District heating system in Drammen, Norway

Drammen Fjernvarme District Heating is a district heating system in Drammen, Norway, a regional capital some 65 km west of Oslo.

The heat pump was manufactured by Star Refrigeration in 2011 with three systems giving a combined capacity of 14 MWs to central Drammen providing 85% of hot water needed for the city. The district heating system is owned and operated by Drammen Fjernvarme who have the rights to the concession area given by the Drammen Municipality. This requires all new buildings larger than 1000 m^{2} to be built with a water-based heating system and connected to the district heating system.

The heat pump uses the natural refrigerant ammonia that has a zero global warming potential and is not a greenhouse gas. The heat source is seawater that is taken in around 8 or 9 °C from a depth of 18 m and is cooled by low pressure liquid refrigerant. Using a vapor-compression refrigeration cycle, the system heats district water from 65 °C to 90 °C for use in building heating and hot water systems. The system has an average coefficient of performance (COP) of 3.0 which means 1 unit of electricity is combined with 2 units of heat from the seawater to provide 3 units of heat to the district heating circuit. With the low cost of hydro-based electricity, it is cheaper to run a heat pump than a gas or electric boiler. In addition, the compressor technology used in the Drammen heat pump is the single screw compressor from Vilter (Emerson).

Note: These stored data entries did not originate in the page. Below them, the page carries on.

lemma tj_seq_snoc:
  assumes seq: "tj_seq V E k A B n" and "finite B"
    and "indep_Gp V E k C" and "tj_step V E k B C"
  shows "tj_seq V E k A C (Suc n)"
proof -
  obtain I where I: "I 0 = A" "I n = B" "\<forall>j\<le>n. indep_Gp V E k (I j) \<and> card (I j) = card A"
    "\<forall>j<n. \<exists>u\<in>I j. \<exists>w\<in>Gp_verts V E k - I j. I (Suc j) = (I j - {u}) \<union> {w}"
    using seq unfolding tj_seq_def by blast
  obtain u w where uw: "u \<in> B" "w \<in> Gp_verts V E k - B" "C = insert w (B - {u})"
    using \<open>tj_step V E k B C\<close> unfolding tj_step_def by blast
  have "card C = Suc (card (B - {u}))"
    using uw \<open>finite B\<close> by simp
  also have "\<dots> = card B"
    using card_Suc_Diff1[OF \<open>finite B\<close> uw(1)] .
  also have "\<dots> = card A"
    using I(2,3) by auto
  finally have card_C: "card C = card A" .
  define J where "J = I(Suc n := C)"
  have "\<forall>j\<le>Suc n. indep_Gp V E k (J j) \<and> card (J j) = card A"
    using I(3) card_C \<open>indep_Gp V E k C\<close> by (auto simp: J_def le_Suc_eq)
  moreover have "\<forall>j<Suc n. \<exists>u\<in>J j. \<exists>w\<in>Gp_verts V E k - J j. J (Suc j) = (J j - {u}) \<union> {w}"
    using I(2,4) uw by (auto simp: J_def less_Suc_eq)
  moreover have "J 0 = A" "J (Suc n) = C"
    using I(1) by (simp_all add: J_def)
  ultimately show ?thesis
    unfolding tj_seq_def by blast
qed

lemma tj_reach_imp_tj_seq:
  assumes "tj_reach V E k A B n" "finite A"
  shows "tj_seq V E k A B n"
  using assms
proof (induction rule: tj_reach.induct)
  case (refl A)
  then show ?case
    unfolding tj_seq_def by (intro exI[of _ "\<lambda>_. A"]) simp
next
  case (step A B n C)
  then show ?case
    using tj_seq_snoc tj_reach_finite by blast
qed

lemma tj_reach_swap:
  assumes "finite X"
    and indep: "\<And>Y. Y \<subseteq> X \<Longrightarrow> indep_Gp V E k (S Y)"
    and move: "\<And>Y x. Y \<subseteq> X \<Longrightarrow> x \<in> X - Y \<Longrightarrow>
      a x \<in> S Y \<and> b x \<notin> S Y \<and> S (insert x Y) = insert (b x) (S Y - {a x})"
    and "S {} = A" "S X = A'"
  shows "tj_reach V E k A A' (card X)"
proof -
  have "tj_reach V E k (S {}) (S Y) (card Y)" if "Y \<subseteq> X" for Y
    using finite_subset[OF that \<open>finite X\<close>] that
  proof (induction Y rule: finite_induct)
    case empty
    show ?case
      using tj_reach.refl indep[of "{}"] by simp
  next
    case (insert x Y)
    have "indep_Gp V E k (S (insert x Y))"
      using indep insert.prems by blast
    then have "b x \<in> Gp_verts V E k"
      using move[of Y x] insert unfolding indep_Gp_def by blast
    then have "tj_step V E k (S Y) (S (insert x Y))"
      using move[of Y x] insert unfolding tj_step_def by blast
    then show ?case
      using insert tj_reach.step \<open>indep_Gp V E k (S (insert x Y))\<close> by simp
  qed
  from this[of X] show ?thesis
    using \<open>S {} = A\<close> \<open>S X = A'\<close> by simp
qed

(* Every configuration visited is a union of layers of G', one token set per vertex kind. *)
definition Gp_layers ::
  "'a set \<Rightarrow> 'a set \<Rightarrow> 'a set set \<Rightarrow> nat set \<Rightarrow> nat set \<Rightarrow> (nat \<times> nat) set \<Rightarrow> (nat \<times> nat) set \<Rightarrow>
    'a gvtx set" where
  "Gp_layers A Z F Ls Rs Ps Qs =
     Vx ` A \<union> Zx ` Z \<union> Ex ` F \<union> Lx ` Ls \<union> Rx ` Rs \<union> case_prod Px ` Ps \<union> case_prod Qx ` Qs"

lemma mem_Gp_layers [simp]:
  "Vx u \<in> Gp_layers A Z F Ls Rs Ps Qs \<longleftrightarrow> u \<in> A"
  "Zx u \<in> Gp_layers A Z F Ls Rs Ps Qs \<longleftrightarrow> u \<in> Z"
  "Ex e \<in> Gp_layers A Z F Ls Rs Ps Qs \<longleftrightarrow> e \<in> F"
  "Lx i \<in> Gp_layers A Z F Ls Rs Ps Qs \<longleftrightarrow> i \<in> Ls"
  "Rx j \<in> Gp_layers A Z F Ls Rs Ps Qs \<longleftrightarrow> j \<in> Rs"
  "Px i j \<in> Gp_layers A Z F Ls Rs Ps Qs \<longleftrightarrow> (i, j) \<in> Ps"
  "Qx i j \<in> Gp_layers A Z F Ls Rs Ps Qs \<longleftrightarrow> (i, j) \<in> Qs"
  by (auto simp: Gp_layers_def)

lemma indep_Gp_layers:
  assumes "A \<subseteq> V" "Z \<subseteq> V" "F \<subseteq> E" "Ls \<subseteq> {..<k choose 2}" "Rs \<subseteq> {..<k choose 2}"
    and "Ps \<subseteq> {..<k choose 2} \<times> {..<k choose 2}" "Qs \<subseteq> {..<k choose 2} \<times> {..<k choose 2}"
    and "A \<inter> Z = {}" "\<forall>e\<in>F. e \<inter> A = {}"
    and "\<forall>(i, j)\<in>Ps. i \<notin> Ls \<and> (i, j) \<notin> Qs" "\<forall>(i, j)\<in>Qs. j \<notin> Rs"
  shows "indep_Gp V E k (Gp_layers A Z F Ls Rs Ps Qs)"
proof -
  have "x \<in> Gp_verts V E k" if "x \<in> Gp_layers A Z F Ls Rs Ps Qs" for x
    using that assms(1-7)
    by (cases x) (auto simp: Gp_verts_def Lset_def Rset_def Pset_def Qset_def)
  moreover have "\<not> Gp_adj V E k x y"
    if "x \<in> Gp_layers A Z F Ls Rs Ps Qs" "y \<in> Gp_layers A Z F Ls Rs Ps Qs" for x y
    using that assms(8-11) by (auto simp: Gp_adj_def Gp_edges_def disjoint_iff)
  ultimately show ?thesis
    unfolding indep_Gp_def by blast
qed

lemma tj_reach_through_clique_edges:
  assumes "finite V" "K \<subseteq> V" "inj_on g {..<k choose 2}"
    and g: "\<And>i. i < k choose 2 \<Longrightarrow> g i \<in> E \<and> g i \<subseteq> K"
  shows "tj_reach V E k (Vx ` V \<union> Lset k \<union> Qset k) (Vx ` V \<union> Rset k \<union> Pset k)
           (2 * card K + 2 * (k choose 2) + (k choose 2)^2)"
proof -
  define X where "X = {..<k choose 2}"
  have fin: "finite K" "finite X" "finite (X \<times> X)"
    using assms(1,2) finite_subset by (auto simp: X_def)
  have gX: "g ` X \<subseteq> E" "\<forall>e\<in>g ` X. e \<inter> (V - K) = {}"
    using g by (auto simp: X_def)
  have "tj_reach V E k (Gp_layers V {} {} X {} {} (X \<times> X))
      (Gp_layers (V - K) K {} X {} {} (X \<times> X)) (card K)"
    by (rule tj_reach_swap[where S = "\<lambda>Y. Gp_layers (V - Y) Y {} X {} {} (X \<times> X)"
          and a = Vx and b = Zx])
      (use fin assms(2) in \<open>auto simp: X_def intro!: indep_Gp_layers, auto simp: Gp_layers_def X_def\<close>)
  also have "tj_reach V E k (Gp_layers (V - K) K {} X {} {} (X \<times> X))
      (Gp_layers (V - K) K (g ` X) {} {} {} (X \<times> X)) (card X)"
    by (rule tj_reach_swap[where S = "\<lambda>Y. Gp_layers (V - K) K (g ` Y) (X - Y) {} {} (X \<times> X)"
          and a = Lx and b = "Ex \<circ> g"])
      (use fin assms(2,3) gX in
        \<open>auto simp: X_def intro!: indep_Gp_layers, auto simp: Gp_layers_def X_def inj_on_def\<close>)
  also have "tj_reach V E k (Gp_layers (V - K) K (g ` X) {} {} {} (X \<times> X))
      (Gp_layers (V - K) K (g ` X) {} {} (X \<times> X) {}) (card (X \<times> X))"
    by (rule tj_reach_swap[where S = "\<lambda>Y. Gp_layers (V - K) K (g ` X) {} {} Y (X \<times> X - Y)"
          and a = "case_prod Qx" and b = "case_prod Px"])
      (use fin assms(2) gX in \<open>auto simp: X_def intro!: indep_Gp_layers, auto simp: Gp_layers_def X_def\<close>)
  also have "tj_reach V E k (Gp_layers (V - K) K (g ` X) {} {} (X \<times> X) {})
      (Gp_layers (V - K) K {} {} X (X \<times> X) {}) (card X)"
    by (rule tj_reach_swap[where S = "\<lambda>Y. Gp_layers (V - K) K (g ` (X - Y)) {} Y (X \<times> X) {}"
          and a = "Ex \<circ> g" and b = Rx])
      (use fin assms(2,3) gX in
        \<open>auto simp: X_def intro!: indep_Gp_layers, auto simp: Gp_layers_def X_def inj_on_def\<close>)
  also have "tj_reach V E k (Gp_layers (V - K) K {} {} X (X \<times> X) {})
      (Gp_layers V {} {} {} X (X \<times> X) {}) (card K)"
    by (rule tj_reach_swap[where S = "\<lambda>Y. Gp_layers (V - K \<union> Y) (K - Y) {} {} X (X \<times> X) {}"
          and a = Zx and b = Vx])
      (use fin assms(2) in \<open>auto simp: X_def intro!: indep_Gp_layers, auto simp: Gp_layers_def X_def\<close>)
  finally have "tj_reach V E k (Gp_layers V {} {} X {} {} (X \<times> X))
      (Gp_layers V {} {} {} X (X \<times> X) {}) (card K + card X + card (X \<times> X) + card X + card K)" .
  moreover have "Gp_layers V {} {} X {} {} (X \<times> X) = Vx ` V \<union> Lset k \<union> Qset k"
    "Gp_layers V {} {} {} X (X \<times> X) {} = Vx ` V \<union> Rset k \<union> Pset k"
    by (auto simp: Gp_layers_def X_def Lset_def Rset_def Pset_def Qset_def)
  moreover have "card K + card X + card (X \<times> X) + card X + card K =
      2 * card K + 2 * (k choose 2) + (k choose 2)^2"
    by (simp add: X_def card_cartesian_product power2_eq_square)
  ultimately show ?thesis
    by (simp only:)
qed

lemma clique_edges_enumeration:
  assumes "is_clique V E K" "finite K"
  obtains g where "inj_on g {..<card K choose 2}"
    and "\<And>i. i < card K choose 2 \<Longrightarrow> g i \<in> E \<and> g i \<subseteq> K"
proof -
  let ?C = "{e. e \<subseteq> K \<and> card e = 2}"
  obtain g where g: "bij_betw g {..<card K choose 2} ?C"
    using ex_bij_betw_nat_finite[of ?C] n_subsets[of K 2] assms(2) by (auto simp: atLeast0LessThan)
  have "?C \<subseteq> E"
    using assms(1) by (auto simp: is_clique_def card_2_iff)
  show thesis
  proof (rule that)
    show "inj_on g {..<card K choose 2}"
      using g by (rule bij_betw_imp_inj_on)
    show "g i \<in> E \<and> g i \<subseteq> K" if "i < card K choose 2" for i
    proof -
      have "g i \<in> ?C"
        using bij_betw_apply[OF g] that by simp
      with \<open>?C \<subseteq> E\<close> show ?thesis
        by blast
    qed
  qed
qed

theorem lemma6p2:
  fixes V :: "'a set" and E :: "'a set set" and k :: nat
  assumes "simple_graph V E"
    and "k \<ge> 1"
    and "\<exists>K. is_clique V E K \<and> card K = k"
  shows "\<exists>m \<le> 2 * (k choose 2) + (k choose 2)^2 + 2 * k.
           tj_seq V E k (Vx ` V \<union> Lset k \<union> Qset k) (Vx ` V \<union> Rset k \<union> Pset k) m"
proof -
  obtain K where K: "is_clique V E K" "card K = k"
    using assms(3) by blast
  have "finite V"
    using assms(1) unfolding simple_graph_def by blast
  have "K \<subseteq> V"
    using K(1) unfolding is_clique_def by blast
  then obtain g where g: "inj_on g {..<k choose 2}"
      "\<And>i. i < k choose 2 \<Longrightarrow> g i \<in> E \<and> g i \<subseteq> K"
    using clique_edges_enumeration[OF K(1), unfolded K(2)] \<open>finite V\<close> finite_subset by blast
  have "finite (Vx ` V \<union> Lset k \<union> Qset k)"
    using \<open>finite V\<close> by (simp add: Lset_def Qset_def finite_image_set2)
  then have "tj_seq V E k (Vx ` V \<union> Lset k \<union> Qset k) (Vx ` V \<union> Rset k \<union> Pset k)
      (2 * card K + 2 * (k choose 2) + (k choose 2)^2)"
    using tj_reach_imp_tj_seq tj_reach_through_clique_edges[OF \<open>finite V\<close> \<open>K \<subseteq> V\<close> g] by blast
  then show ?thesis
    using K(2) by (intro exI[of _ "2 * k + 2 * (k choose 2) + (k choose 2)^2"]) simp
qed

Its internal design allows for balanced forces allowing it to perform with a very long bearing life at more than 120,000 hours for normal refrigeration compressors.

The heat is extracted from a local fjord whose water temperature is around 8 °C. The water is heated from recovered energy at a temperature of 120 °C. A city ordinance requires most new buildings to exploit this form of heating.